第68章黑潮汹涌(1/2)
定远舰的甲板上,王鼎拳意笼罩周身三丈,黑雾触及即溃。丁汝昌扶著指挥台栏杆,厉声喝令:“传令各舰,集中火力攻击敌旗舰!”
“得令!”传令兵奔下舷梯。
东洋舰队阵型突然变化,三艘巡洋舰呈品字形包抄而来。王鼎肩胛处烙印灼热,武松虚影在身后若隱若现。
“王先生!”丁汝昌转头大喊,“那黑雾又卷上来了!”
海面翻涌的墨色雾气中,传出非人的嘶吼。王鼎纵身跃至船舷,见黑雾凝聚成数十道人形,攀著舰体向上爬来。
“找死!”他双拳贯出,虎啸声震散雾气。
传教士站在敌舰船头,黑袍在风中猎猎作响。他高举镶嵌黑曜石的十字架,用生硬的官话喊道:“歷史车轮不可逆转!尔等螳臂当车!”
王鼎冷笑回应:“歷史由人书写,轮不到邪祟指手画脚。”
“无知!”传教士十字架黑光大盛,“渊吞噬的负面能量,正是尔等战败时的绝望!今日便让尔等提前品尝!”
黑雾人形突然加速,定远舰水兵举枪射击,子弹却穿雾而过。

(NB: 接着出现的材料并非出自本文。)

(* The perfect-secrecy capacity of a $(\rho_r,\rho_w)$-AWTP channel satisfies $\mathsf C^0\le 1-\rho_r-\rho_w$; that is, every rate achievable by a family of perfectly secure ($\epsilon=0$) AWTP codes for the channel is at most $1-\rho_r-\rho_w$.
   Context: $\Sigma$ finite additive group, $[N]=\{1,\dots,N\}$. $(\rho_r,\rho_w)$-AWTP channel: adaptive unbounded adversary reads the sent codeword $c\in\Sigma^N$ on a set $S_r$, $|S_r|\le\rho_rN$, and adds an error vector supported in a set $S_w$, $|S_w|\le\rho_wN$, depending on its view. An $(\epsilon,\delta)$-AWTP code: randomized encoder $\mathcal M\to\Sigma^N$ and deterministic decoder $\Sigma^N\to\mathcal M$ such that adversary views for any two messages have statistical distance at most $\epsilon$ and decoding error probability is at most $\delta$ for every adversary; perfectly secure means $\epsilon=0$. Rate $\log|\mathcal M|/(N\log|\Sigma|)$. A family $\{C^N\}$ achieves rate $R$ if for every $\xi>0$ there is $N_0$ with, for all $N\ge N_0$, rate of $C^N\ge R-\xi$ and error probability $\le\xi$. $\mathsf C^0$ is the largest achievable rate over perfectly secure code families. *)

theory Defs
  imports "HOL-Probability.Probability"
begin

text \<open>Codewords of length N over the alphabet 'a are modelled as functions
  nat => 'a that vanish outside the index set {1..N}.\<close>

definition word_on :: "nat \<Rightarrow> (nat \<Rightarrow> 'a::zero) \<Rightarrow> bool" where
  "word_on N c \<longleftrightarrow> (\<forall>i. i \<notin> {1..N} \<longrightarrow> c i = 0)"

text \<open>Adaptive reading: the query strategy q chooses the next position to read
  as a function of the values read so far. reads q c k is the list of the
  first k values read from the codeword c.\<close>

fun reads :: "('a list \<Rightarrow> nat) \<Rightarrow> (nat \<Rightarrow> 'a) \<Rightarrow> nat \<Rightarrow> 'a list" where
  "reads q c 0 = []"
| "reads q c (Suc k) = reads q c k @ [c (q (reads q c k))]"

definition n_reads :: "nat \<Rightarrow> real \<Rightarrow> nat" where
  "n_reads N \<rho>r = nat \<lfloor>\<rho>r * real N\<rfloor>"

definition adv_view :: "nat \<Rightarrow> real \<Rightarrow> ('a list \<Rightarrow> nat) \<Rightarrow> (nat \<Rightarrow> 'a) \<Rightarrow> 'a list" where
  "adv_view N \<rho>r q c = reads q c (n_reads N \<rho>r)"

definition valid_reader :: "nat \<Rightarrow> ('a list \<Rightarrow> nat) \<Rightarrow> bool" where
  "valid_reader N q \<longleftrightarrow> (\<forall>v. q v \<in> {1..N})"

definition valid_writer :: "nat \<Rightarrow> real \<Rightarrow> ('a list \<Rightarrow> nat \<Rightarrow> 'a::zero) \<Rightarrow> bool" where
  "valid_writer N \<rho>w e \<longleftrightarrow>
     (\<forall>v. \<exists>W. W \<subseteq> {1..N} \<and> real (card W) \<le> \<rho>w * real N \<and> (\<forall>i. i \<notin> W \<longrightarrow> e v i = 0))"

definition awtp_code_wf ::
  "nat \<Rightarrow> 'm set \<Rightarrow> ('m \<Rightarrow> (nat \<Rightarrow> 'a::zero) pmf) \<Rightarrow> bool" where
  "awtp_code_wf N M enc \<longleftrightarrow> finite M \<and> M \<noteq> {} \<and>
     (\<forall>m\<in>M. \<forall>c\<in>set_pmf (enc m). word_on N c)"

definition perfectly_secure ::
  "nat \<Rightarrow> real \<Rightarrow> 'm set \<Rightarrow> ('m \<Rightarrow> (nat \<Rightarrow> 'a) pmf) \<Rightarrow> bool" where
  "perfectly_secure N \<rho>r M enc \<longleftrightarrow>
     (\<forall>q. valid_reader N q \<longrightarrow>
        (\<forall>m\<in>M. \<forall>m'\<in>M. map_pmf (adv_view N \<rho>r q) (enc m) = map_pmf (adv_view N \<rho>r q) (enc m')))"

definition reliable ::
  "nat \<Rightarrow> real \<Rightarrow> real \<Rightarrow> 'm set \<Rightarrow> ('m \<Rightarrow> (nat \<Rightarrow> 'a::ab_group_add) pmf)
     \<Rightarrow> ((nat \<Rightarrow> 'a) \<Rightarrow> 'm) \<Rightarrow> real \<Rightarrow> bool" where
  "reliable N \<rho>r \<rho>w M enc dec \<delta> \<longleftrightarrow>
     (\<forall>q e. valid_reader N q \<longrightarrow> valid_writer N \<rho>w e \<longrightarrow>
        (\<forall>m\<in>M. measure_pmf.prob (enc m)
                   {c. dec (\<lambda>i. c i + e (adv_view N \<rho>r q c) i) \<noteq> m} \<le> \<delta>))"

definition code_rate :: "nat \<Rightarrow> 'm set \<Rightarrow> 'a::finite itself \<Rightarrow> real" where
  "code_rate N M (_::'a itself) = log 2 (real (card M)) / (real N * log 2 (real CARD('a)))"

definition achievable_perfect ::
  "'a::{ab_group_add,finite} itself \<Rightarrow> 'm itself \<Rightarrow> real \<Rightarrow> real \<Rightarrow> real \<Rightarrow> bool" where
  "achievable_perfect A (_::'m itself) \<rho>r \<rho>w R \<longleftrightarrow>
     (\<exists>(M :: nat \<Rightarrow> 'm set) (enc :: nat \<Rightarrow> 'm \<Rightarrow> (nat \<Rightarrow> 'a) pmf)
        (dec :: nat \<Rightarrow> (nat \<Rightarrow> 'a) \<Rightarrow> 'm).
        (\<forall>N. awtp_code_wf N (M N) (enc N) \<and> perfectly_secure N \<rho>r (M N) (enc N)) \<and>
        (\<forall>\<xi>>0. \<exists>N0. \<forall>N\<ge>N0.
            code_rate N (M N) A \<ge> R - \<xi> \<and> reliable N \<rho>r \<rho>w (M N) (enc N) (dec N) \<xi>))"

end

theory Submission
  imports Defs "HOL-Library.Function_Algebras"
begin

text \<open>The adversary reads the first \<open>r \<approx> \<rho>r N\<close> letters and adds an error \<open>u\<close>
  supported on the next \<open>w \<approx> \<rho>w N\<close> positions. Double count the probabilities of
  correct decoding over all messages \<open>m\<close> and all \<open>q ^ w\<close> errors \<open>u\<close>: by reliability
  the total is at least \<open>|M| q ^ w (1 - \<delta>)\<close>. On the other hand, adding \<open>u\<close> only
  translates the written block, so only the codeword \<open>z\<close> with that block erased matters;
  for fixed \<open>z\<close> the \<open>q ^ w\<close> errors split among the messages according to
  \<open>dec (z + u)\<close>, and by perfect secrecy every message gives \<open>z\<close> at most the same weight,
  the probability of agreeing with \<open>z\<close> on the read block. These weights sum to
  \<open>q ^ (N - r - w)\<close>, hence \<open>|M| (1 - \<delta>) \<le> q ^ (N - r - w)\<close> and the rate is at most
  \<open>1 - \<rho>r - \<rho>w + O(1/N)\<close>.\<close>

definition words_on :: "nat set \<Rightarrow> (nat \<Rightarrow> 'a::zero) set" where
  "words_on A = {c. \<forall>i. i \<notin> A \<longrightarrow> c i = 0}"

lemma word_on_iff_words_on: "word_on N c \<longleftrightarrow> c \<in> words_on {1..N}"
  by (simp add: word_on_def words_on_def)

lemma bij_betw_words_on_PiE:
  "bij_betw (\<lambda>c. restrict c A) (words_on A) (A \<rightarrow>\<^sub>E UNIV)"
  by (rule bij_betw_byWitness[where f' = "\<lambda>g i. if i \<in> A then g i else 0"])
     (auto simp: words_on_def PiE_def extensional_def fun_eq_iff)

lemma card_words_on:
  assumes "finite A"
  shows "card (words_on A :: (nat \<Rightarrow> 'a::{zero,finite}) set) = CARD('a) ^ card A"
proof -
  have "card (words_on A :: (nat \<Rightarrow> 'a) set) = card (A \<rightarrow>\<^sub>E (UNIV :: 'a set))"
    by (rule bij_betw_same_card[OF bij_betw_words_on_PiE])
  also have "\<dots> = CARD('a) ^ card A"
    using assms by (simp add: card_PiE)
  finally show ?thesis .
qed

lemma finite_words_on:
  assumes "finite A"
  shows "finite (words_on A :: (nat \<Rightarrow> 'a::{zero,finite}) set)"
proof -
  have "finite (A \<rightarrow>\<^sub>E (UNIV :: 'a set))"
    using assms by (simp add: finite_PiE)
  then show ?thesis
    using bij_betw_finite[OF bij_betw_words_on_PiE] by blast
qed

lemma card_words_on_agreeing:
  fixes c :: "nat \<Rightarrow> 'a::{zero,finite}"
  assumes "finite B" and "R \<subseteq> B"
  shows "card {z \<in> words_on B. \<forall>i\<in>R. z i = c i} = CARD('a) ^ card (B - R)"
proof -
  have "bij_betw (\<lambda>z i. if i \<in> R then 0 else z i)
          {z \<in> words_on B. \<forall>i\<in>R. z i = c i} (words_on (B - R))"
    by (rule bij_betw_byWitness[where f' = "\<lambda>t i. if i \<in> R then c i else t i"])
       (use assms in \<open>auto simp: words_on_def fun_eq_iff\<close>)
  then have "card {z \<in> words_on B. \<forall>i\<in>R. z i = c i} = card (words_on (B - R) :: (nat \<Rightarrow> 'a) set)"
    by (rule bij_betw_same_card)
  then show ?thesis
    using assms(1) by (simp add: card_words_on)
qed

lemma card_translate_words_on:
  fixes t :: "nat \<Rightarrow> 'a::group_add"
  assumes "t \<in> words_on W"
  shows "card {u \<in> words_on W. P (t + u)} = card {u \<in> words_on W. P u}"
proof -
  have "bij_betw ((+) t) {u \<in> words_on W. P (t + u)} {u \<in> words_on W. P u}"
    by (rule bij_betw_byWitness[where f' = "(+) (- t)"])
       (use assms in \<open>auto simp: words_on_def\<close>)
  then show ?thesis
    by (rule bij_betw_same_card)
qed

lemma sum_card_fibres_le:
  assumes "finite U"
  shows "(\<Sum>m\<in>M. card {u \<in> U. f u = m}) \<le> card U"
proof (cases "finite M")
  case True
  have "(\<Sum>m\<in>M. card {u \<in> U. f u = m}) = card (\<Union>m\<in>M. {u \<in> U. f u = m})"
    using True assms by (intro card_UN_disjoint[symmetric]) auto
  also have "\<dots> \<le> card U"
    using assms by (intro card_mono) auto
  finally show ?thesis .
qed simp

lemma prob_eq_sum_pmf:
  assumes "finite S" and "set_pmf p \<subseteq> S"
  shows "measure_pmf.prob p X = (\<Sum>c\<in>S. if c \<in> X then pmf p c else 0)"
proof -
  have "X \<inter> set_pmf p = (S \<inter> X) \<inter> set_pmf p"
    using assms(2) by blast
  then have "measure_pmf.prob p X = measure_pmf.prob p (S \<inter> X)"
    by (metis measure_Int_set_pmf)
  also have "\<dots> = (\<Sum>c\<in>S. if c \<in> X then pmf p c else 0)"
    using assms(1) by (simp add: measure_measure_pmf_finite sum.If_cases)
  finally show ?thesis .
qed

一名水兵被黑雾缠住脖颈,双目瞬间赤红,调转枪口指向同袍。
“稳住心神!”王鼎拳意化作音波盪开。
武松虚影仰天长啸,声浪如实质般震碎三具黑雾人形。被控水兵瘫软倒地,其他雾影攻势暂缓。
丁汝昌抓住时机下令:“左满舵!舰首对准敌旗舰!”
定远舰缓缓转向,主炮炮口指向传教士所在战舰。刘步蟾在炮塔內亲自校准,额头渗出细汗。
“瞄准完毕!”他嘶声报告。
“开炮!”丁汝昌挥手下劈。
轰隆巨响中,炮弹撕裂空气。传教士黑袍鼓盪,黑雾在舰前凝成盾形,炮弹竟在半空炸开,破片四溅。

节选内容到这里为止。